## Task brief
Within the data below, how many lines contain "False"? Reply with the number only.

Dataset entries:
* * * * *

lemma mon_weight_const: "mon_weight (\<lambda>_. a) m = a * mon_deg m"
  by (simp add: mon_weight_def mon_deg_def sum_distrib_left mult.commute)

lemma mon_weight_linear: "mon_weight (\<lambda>v. W * g v + h v) m = W * mon_weight g m + mon_weight h m"
  by (simp add: mon_weight_def sum_distrib_left sum.distrib algebra_simps)

lemma leading_term_poly_exp_entry_weighted_mat_1:
  fixes p N i j :: nat and c :: "nat \<times> nat \<Rightarrow> nat"
  defines "g \<equiv> poly (exp_entry_poly p (weighted_mat N c :: 'a::field poly mat) (i,j)) 1"
  assumes c: "superadditive_weights N c" and "2 \<le> p" and ij: "i < j" "j < N"
  shows "degree g = c (i,j) \<and> lead_coeff g = 1"
proof -
  let ?X = "weighted_mat N c :: 'a poly mat"
  let ?t = "\<lambda>n. inverse (of_nat (fact n)) * coeff ((?X ^\<^sub>m n) $$ (i,j)) (c (i,j))"
  have g: "g = (\<Sum>n<p. Polynomial.smult (inverse (of_nat (fact n))) ((?X ^\<^sub>m n) $$ (i,j)))"
    by (simp add: g_def exp_entry_poly_def poly_sum poly_monom)
  have higher: "?t n = 0" if "n \<noteq> 1" for n
  proof (cases "n = 0")
    case True
    then show ?thesis using assms by (simp add: weighted_mat_def)
  next
    case False
    with that have "degree ((?X ^\<^sub>m n) $$ (i,j)) < c (i,j)"
      by (intro degree_weighted_mat_pow_less[OF c _ ij]) simp
    then show ?thesis by (simp add: coeff_eq_0)
  qed
  have "coeff g (c (i,j)) = ?t 1 + (\<Sum>n\<in>{..<p} - {1}. ?t n)"
    unfolding g coeff_sum coeff_smult using assms by (subst sum.remove[of _ 1]) auto
  also have "(\<Sum>n\<in>{..<p} - {1}. ?t n) = 0"
    by (rule sum.neutral) (use higher in blast)
  also have "?t 1 = 1"
    using ij by (simp add: weighted_mat_index)
  finally have coeff_c: "coeff g (c (i,j)) = 1" by simp
  have "degree g \<le> c (i,j)"
    unfolding g
  proof (intro degree_sum_le order.trans[OF degree_smult_le])
    fix n show "degree ((?X ^\<^sub>m n) $$ (i,j)) \<le> c (i,j)"
      using assms degree_weighted_mat_pow_le[OF c] by (cases "n = 0") auto
  qed simp
  moreover have "c (i,j) \<le> degree g" using coeff_c by (intro le_degree) simp
  ultimately show ?thesis using coeff_c by simp
qed

lemma monic_prod_power:
  fixes g :: "'b \<Rightarrow> 'a::idom poly"
  assumes "\<And>v. v \<in> S \<Longrightarrow> degree (g v) = c v \<and> lead_coeff (g v) = 1"
  shows "degree (\<Prod>v\<in>S. g v ^ k v) = (\<Sum>v\<in>S. k v * c v) \<and> lead_coeff (\<Prod>v\<in>S. g v ^ k v) = 1"
proof -
  have "g v \<noteq> 0" if "v \<in> S" for v using assms[OF that] by auto
  then have deg: "degree (\<Prod>v\<in>S. g v ^ k v) = (\<Sum>v\<in>S. k v * c v)"
    using assms by (subst degree_prod_eq_sum_degree) (auto simp: degree_power_eq intro!: sum.cong)
  have "lead_coeff (\<Prod>v\<in>S. g v ^ k v) = (\<Prod>v\<in>S. lead_coeff (g v) ^ k v)"
    by (simp add: lead_coeff_prod lead_coeff_power)
  also have "\<dots> = 1"
    using assms by (intro prod.neutral ballI) (metis power_one)
  finally show ?thesis using deg by simp
qed

lemma degree_le_degree_sum_of_distinct_degrees:
  fixes g :: "'b \<Rightarrow> 'a::comm_ring_1 poly"
  assumes S: "finite S" and inj: "inj_on (\<lambda>x. degree (g x)) S"
    and nz: "\<And>x. x \<in> S \<Longrightarrow> g x \<noteq> 0" and "x \<in> S"
  shows "degree (g x) \<le> degree (sum g S)"
proof -
  define M where "M = Max ((\<lambda>x. degree (g x)) ` S)"
  have "M \<in> (\<lambda>x. degree (g x)) ` S"
    unfolding M_def using S \<open>x \<in> S\<close> by (intro Max_in) auto
  then obtain y where y: "y \<in> S" "degree (g y) = M" by auto
  have "coeff (g z) M = 0" if "z \<in> S - {y}" for z
  proof -
    have "degree (g z) \<noteq> M" using inj y that by (auto dest: inj_onD)
    moreover have "degree (g z) \<le> M" using S that unfolding M_def by simp
    ultimately show ?thesis by (simp add: coeff_eq_0)
  qed
  then have "coeff (sum g S) M = coeff (g y) M"
    unfolding coeff_sum using S y by (simp add: sum.remove)
  also have "\<dots> \<noteq> 0" using nz y by (simp flip: y(2))
  finally have "M \<le> degree (sum g S)" by (rule le_degree)
  moreover have "degree (g x) \<le> M" using S \<open>x \<in> S\<close> unfolding M_def by simp
  ultimately show ?thesis by simp
qed

lemma mon_weight_le_degree_poly_exp_pullback_poly_1:
  assumes c: "superadditive_weights N c" and p: "2 \<le> p" and f: "f \<in> kU N"
    and inj: "inj_on (mon_weight c) (Poly_Mapping.keys f)" and m: "m \<in> Poly_Mapping.keys f"
  shows "mon_weight c m \<le> degree (poly (exp_pullback_poly p (weighted_mat N c :: 'a::field poly mat) f) 1)"
proof -
  define E where "E v = poly (exp_entry_poly p (weighted_mat N c :: 'a poly mat) v) 1" for v
  define g where "g m = Polynomial.smult (Poly_Mapping.lookup f m)
    (\<Prod>v\<in>Poly_Mapping.keys m. E v ^ Poly_Mapping.lookup m v)" for m
  have g: "degree (g m) = mon_weight c m \<and> g m \<noteq> 0" if m: "m \<in> Poly_Mapping.keys f" for m
  proof -
    have "degree (E v) = c v \<and> lead_coeff (E v) = 1" if "v \<in> Poly_Mapping.keys m" for v
    proof -
      have "v \<in> upper_pairs N"
        using kU_keys_subset_upper_pairs[OF f m] that by blast
      then obtain i j where "v = (i,j)" "i < j" "j < N"
        by (auto simp: upper_pairs_def)
      then show ?thesis
        using leading_term_poly_exp_entry_weighted_mat_1[OF c p] by (simp add: E_def)
    qed
    then have P: "degree (\<Prod>v\<in>Poly_Mapping.keys m. E v ^ Poly_Mapping.lookup m v) = mon_weight c m \<and>
        lead_coeff (\<Prod>v\<in>Poly_Mapping.keys m. E v ^ Poly_Mapping.lookup m v) = 1"
      unfolding mon_weight_def by (rule monic_prod_power)
    then have "(\<Prod>v\<in>Poly_Mapping.keys m. E v ^ Poly_Mapping.lookup m v) \<noteq> 0"
      by (metis leading_coeff_0_iff zero_neq_one)
    moreover have "Poly_Mapping.lookup f m \<noteq> 0" using m by (simp add: in_keys_iff)
    ultimately show ?thesis using P by (simp add: g_def)
  qed
  have "degree (g m) \<le> degree (sum g (Poly_Mapping.keys f))"
    using g inj m by (intro degree_le_degree_sum_of_distinct_degrees) (auto simp: inj_on_def)
  also have "sum g (Poly_Mapping.keys f) = poly (exp_pullback_poly p (weighted_mat N c) f) 1"
    unfolding poly_exp_pullback_poly_1 g_def E_def ..
  finally show ?thesis
    using g[OF m] by simp
qed

lemma digit_expansion_unique:
  fixes A B :: "nat \<Rightarrow> nat"
  assumes "\<forall>k<M. A k < \<beta>" "\<forall>k<M. B k < \<beta>"
    and "(\<Sum>k<M. A k * \<beta> ^ k) = (\<Sum>k<M. B k * \<beta> ^ k)" and "k < M"
  shows "A k = B k"
  using assms
proof (induction M arbitrary: A B k)
  case 0
  then show ?case by simp
next
  case (Suc M)
  have shift: "(\<Sum>k<Suc M. F k * \<beta> ^ k) = F 0 + \<beta> * (\<Sum>k<M. F (Suc k) * \<beta> ^ k)" for F :: "nat \<Rightarrow> nat"
    unfolding sum.lessThan_Suc_shift by (simp add: sum_distrib_left mult.left_commute)
  have eq: "A 0 + \<beta> * (\<Sum>k<M. A (Suc k) * \<beta> ^ k) = B 0 + \<beta> * (\<Sum>k<M. B (Suc k) * \<beta> ^ k)"
    using Suc.prems(3) by (simp only: shift)
  have "A 0 < \<beta>" "B 0 < \<beta>" using Suc.prems by auto
  then have A0: "A 0 = B 0"
    using arg_cong[OF eq, of "\<lambda>x. x mod \<beta>"] by simp
  with eq \<open>A 0 < \<beta>\<close> have "(\<Sum>k<M. A (Suc k) * \<beta> ^ k) = (\<Sum>k<M. B (Suc k) * \<beta> ^ k)"
    by simp
  then have "A (Suc k') = B (Suc k')" if "k' < M" for k'
    using Suc.IH[of "\<lambda>k. A (Suc k)" "\<lambda>k. B (Suc k)" k'] Suc.prems(1,2) that by auto
  then show ?case using A0 Suc.prems(4) by (cases k) auto
qed

definition pair_index :: "nat \<Rightarrow> nat \<times> nat \<Rightarrow> nat" where
  "pair_index N v = (snd v - fst v) * N + fst v"

definition pair_of_index :: "nat \<Rightarrow> nat \<Rightarrow> nat \<times> nat" where
  "pair_of_index N k = (k mod N, k mod N + k div N)"

lemma pair_index_less: "(i,j) \<in> upper_pairs N \<Longrightarrow> pair_index N (i,j) < N * N"
proof -
  assume "(i,j) \<in> upper_pairs N"
  then have "i < j" "j < N" by (auto simp: upper_pairs_def)
  then have "(j - i) * N + i < (j - i + 1) * N" by simp
  also have "\<dots> \<le> N * N" using \<open>i < j\<close> \<open>j < N\<close> by (intro mult_right_mono) auto
  finally show ?thesis by (simp add: pair_index_def)
qed

lemma pair_of_index_pair_index: "(i,j) \<in> upper_pairs N \<Longrightarrow> pair_of_index N (pair_index N (i,j)) = (i,j)"
  by (auto simp: upper_pairs_def pair_index_def pair_of_index_def)

lemma pair_index_pair_of_index: "0 < N \<Longrightarrow> pair_index N (pair_of_index N k) = k"
  by (simp add: pair_index_def pair_of_index_def)

lemma power_add_power_less:
  fixes \<beta> :: nat
  assumes "2 \<le> \<beta>" "a \<noteq> b" "a < s" "b < s"
  shows "\<beta> ^ a + \<beta> ^ b < \<beta> ^ s"
proof -
  have "\<beta> ^ x + \<beta> ^ y < \<beta> ^ s" if "x < y" "y < s" for x y
  proof -
    have "\<beta> ^ x + \<beta> ^ y < 2 * \<beta> ^ y" using that assms(1) by (simp add: power_strict_increasing)
    also have "\<dots> \<le> \<beta> ^ Suc y" using assms(1) by simp
    also have "\<dots> \<le> \<beta> ^ s" using that assms(1) by (intro power_increasing) auto
    finally show ?thesis .
  qed
  then show ?thesis using assms by (metis add.commute linorder_neqE_nat)
qed

definition kronecker_weight :: "nat \<Rightarrow> nat \<Rightarrow> nat \<Rightarrow> nat \<times> nat \<Rightarrow> nat" where
  "kronecker_weight N W \<beta> v = W * (snd v - fst v) + \<beta> ^ pair_index N v"

lemma kronecker_weight_superadditive:
  assumes "2 \<le> \<beta>"
  shows "superadditive_weights N (kronecker_weight N W \<beta>)"
  unfolding superadditive_weights_def
proof (intro conjI allI impI)
  fix i j assume "i < j" "j < N"
  then show "0 < kronecker_weight N W \<beta> (i,j)" using assms by (simp add: kronecker_weight_def)
next
  fix i k j assume ikj: "i < k" "k < j" "j < N"
  have "W * (k - i) + W * (j - k) = W * (j - i)"
    using ikj by (simp flip: add_mult_distrib2)
  moreover have "\<beta> ^ pair_index N (i,k) + \<beta> ^ pair_index N (k,j) < \<beta> ^ pair_index N (i,j)"
  proof (rule power_add_power_less[OF assms])
    have "pair_index N (i,k) mod N = i" "pair_index N (k,j) mod N = k"
      using ikj by (simp_all add: pair_index_def)
    then show "pair_index N (i,k) \<noteq> pair_index N (k,j)"
      using ikj by auto
    show "pair_index N (i,k) < pair_index N (i,j)" using ikj by (simp add: pair_index_def)
    have "(j - k) * N + k < (j - k + 1) * N" using ikj by simp
    also have "\<dots> \<le> (j - i) * N" using ikj by (intro mult_right_mono) auto
    finally show "pair_index N (k,j) < pair_index N (i,j)" by (simp add: pair_index_def)
  qed
  ultimately show "kronecker_weight N W \<beta> (i,k) + kronecker_weight N W \<beta> (k,j) < kronecker_weight N W \<beta> (i,j)"
    by (simp add: kronecker_weight_def)
qed

lemma kronecker_weight_bounds:
  assumes "2 \<le> \<beta>" "v \<in> upper_pairs N"
  shows "W \<le> kronecker_weight N W \<beta> v \<and> kronecker_weight N W \<beta> v \<le> W * (N - 1) + \<beta> ^ (N * N)"
proof -
  obtain i j where v: "v = (i,j)" "i < j" "j < N" using assms(2) by (auto simp: upper_pairs_def)
  have "W \<le> W * (j - i)" using v by auto
  moreover have "W * (j - i) \<le> W * (N - 1)" using v by auto
  moreover have "\<beta> ^ pair_index N v \<le> \<beta> ^ (N * N)"
    using pair_index_less assms v by (intro power_increasing) (auto simp: less_imp_le)
  ultimately show ?thesis using v by (simp add: kronecker_weight_def add_mono trans_le_add1)
qed

lemma mon_weight_pair_index_digits:
  assumes "Poly_Mapping.keys m \<subseteq> upper_pairs N"
  shows "mon_weight (\<lambda>v. \<beta> ^ pair_index N v) m = (\<Sum>k<N*N. Poly_Mapping.lookup m (pair_of_index N k) * \<beta> ^ k)"
proof (cases "N = 0")
  case True
  then show ?thesis using assms by (simp add: mon_weight_def upper_pairs_def)
next
  case False
  then have inj: "inj_on (pair_of_index N) {..<N*N}"
    by (intro inj_on_inverseI[where g = "pair_index N"]) (simp add: pair_index_pair_of_index)
  have "Poly_Mapping.keys m \<subseteq> pair_of_index N ` {..<N*N}"
  proof
    fix v assume "v \<in> Poly_Mapping.keys m"
    then have "v \<in> upper_pairs N" using assms by blast
    then have "pair_index N v < N * N" "pair_of_index N (pair_index N v) = v"
      using pair_index_less pair_of_index_pair_index by (cases v; blast)+
    then show "v \<in> pair_of_index N ` {..<N*N}" by (metis image_eqI lessThan_iff)
  qed
  then have "mon_weight (\<lambda>v. \<beta> ^ pair_index N v) m =
      (\<Sum>v\<in>pair_of_index N ` {..<N*N}. Poly_Mapping.lookup m v * \<beta> ^ pair_index N v)"
    unfolding mon_weight_def by (intro sum.mono_neutral_left) (auto simp: in_keys_iff)
  also have "\<dots> = (\<Sum>k<N*N. Poly_Mapping.lookup m (pair_of_index N k) * \<beta> ^ k)"
    using False by (simp add: sum.reindex[OF inj] pair_index_pair_of_index)
  finally show ?thesis .
qed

* * * * *

## Solution for this exercise
3